Il comparatore pubblico è il “Portale offerte”, attivo dal 1° luglio 2018, che contiene tutte le proposte sul mercato di vendita al dettaglio elettrico e gas naturale. Su questo sito, è possibile confrontare e scegliere, senza costi, le offerte di elettricità e gas. La piattaforma, realizzata e gestita dall’Acquirente Unico, sulla base di quanto disposto dall’Arera in attuazione della legge 124/2017, che ha previsto la fine dei servizi di tutela, mette a disposizione un motore di ricerca di semplice utilizzo e offre una serie di informazioni utili sui mercati dell’energia e sulle novità di legge previste. Per poter effettuare il confronto, sono richieste alcune informazioni reperibili in bolletta: dal consumo annuo di gas e/o energia elettrica al codice di avviamento postale (non tutte le offerte sono disponibili in tutte le zone del paese), fino al consumo per fasce orarie (nel caso dell’elettricità).
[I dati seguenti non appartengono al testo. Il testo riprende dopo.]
(* Let $d_1,d_2\in\mathbb{Z}$ with $d_2>d_1\ge0$, and let $f(z)=z^{d_1}$, $z\in\mathbb{S}^1$. Then $|f-g|_{H^{1/2}}^2\ge4\pi^2(d_2-d_1)$ for all $g\in\mathcal{E}_{d_2}$.
   Context: $\mathbb{S}^1\subset\mathbb{C}$ with arclength measure. $H^{1/2}(\mathbb{S}^1;\mathbb{S}^1)=\{g\in H^{1/2}(\mathbb{S}^1;\mathbb{C}):|g|=1\text{ a.e.}\}$; such maps have a well-defined degree (the unique extension of the degree of smooth maps continuous in $H^{1/2}$). $\mathcal{E}_d=\{g\in H^{1/2}(\mathbb{S}^1;\mathbb{S}^1):\deg g=d\}$. $|h|_{H^{1/2}}^2=\int_{\mathbb{S}^1}\int_{\mathbb{S}^1}\frac{|h(x)-h(y)|^2}{|x-y|^2}dx\,dy$ with $|x-y|$ the Euclidean distance in $\mathbb{R}^2$. *)

theory Defs
  imports "HOL-Analysis.Analysis" "HOL-Complex_Analysis.Complex_Analysis"
begin

text \<open>Maps on the unit circle are represented as functions complex => complex, of which only
the values on the unit circle matter. The circle is parametrised by cis t, t in [0, 2 pi];
arclength measure on S^1 is the image of Lebesgue measure on [0, 2 pi] under cis.\<close>

definition H12_sq :: "(complex \<Rightarrow> complex) \<Rightarrow> ennreal" where
  "H12_sq h =
     (\<integral>\<^sup>+ x. (\<integral>\<^sup>+ y. ennreal ((cmod (h (cis x) - h (cis y)))\<^sup>2 / (cmod (cis x - cis y))\<^sup>2)
                  * indicator {0..2*pi} y \<partial>lborel) * indicator {0..2*pi} x \<partial>lborel)"

definition L2_sq :: "(complex \<Rightarrow> complex) \<Rightarrow> ennreal" where
  "L2_sq h = (\<integral>\<^sup>+ x. ennreal ((cmod (h (cis x)))\<^sup>2) * indicator {0..2*pi} x \<partial>lborel)"

definition in_H12 :: "(complex \<Rightarrow> complex) \<Rightarrow> bool" where
  "in_H12 h \<longleftrightarrow> (\<lambda>x. h (cis x)) \<in> borel_measurable lborel \<and> L2_sq h < \<infinity> \<and> H12_sq h < \<infinity>"

definition in_H12_S1 :: "(complex \<Rightarrow> complex) \<Rightarrow> bool" where
  "in_H12_S1 g \<longleftrightarrow> in_H12 g \<and> (AE x in lborel. x \<in> {0..2*pi} \<longrightarrow> cmod (g (cis x)) = 1)"

definition smooth_real :: "(real \<Rightarrow> complex) \<Rightarrow> bool" where
  "smooth_real F \<longleftrightarrow> (\<exists>D :: nat \<Rightarrow> real \<Rightarrow> complex. D 0 = F \<and>
      (\<forall>n t. (D n has_vector_derivative D (Suc n) t) (at t)))"

definition smooth_S1_map :: "(complex \<Rightarrow> complex) \<Rightarrow> bool" where
  "smooth_S1_map u \<longleftrightarrow> smooth_real (\<lambda>t. u (cis t)) \<and> (\<forall>t. cmod (u (cis t)) = 1)"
L’adesione a un gruppo d’acquisto

Per tagliare l’esborso in bolletta, c’è anche un’altra strada da intraprendere: l’adesione a un gruppo d’acquisto che s’impegna ad assicurare informazioni e assistenza agli aderenti secondo le linee guida dell’Autorità. Tali gruppi nascono con l’obiettivo di selezionare uno o più venditori per la fornitura di energia elettrica e/o gas naturale ai clienti finali riuniti nel gruppo. Sono promossi da un “organizzatore” attraverso campagne che possono essere periodiche o permanenti, durante le quali singoli clienti finali possono aderire al gruppo. E, dopo aver selezionato le offerte commerciali più vantaggiose, il gruppo d’acquisto le propone ai propri membri che possono stipulare il proprio contratto di fornitura con il venditore alle condizioni stabilite. L’Arera ha stabilito delle regole che i gruppi di acquisto devono adottare per un periodo iniziale di almeno due anni . Gli aderenti sono accreditati e compaiono in un elenco apposito consultabile sul sito dell’Authority.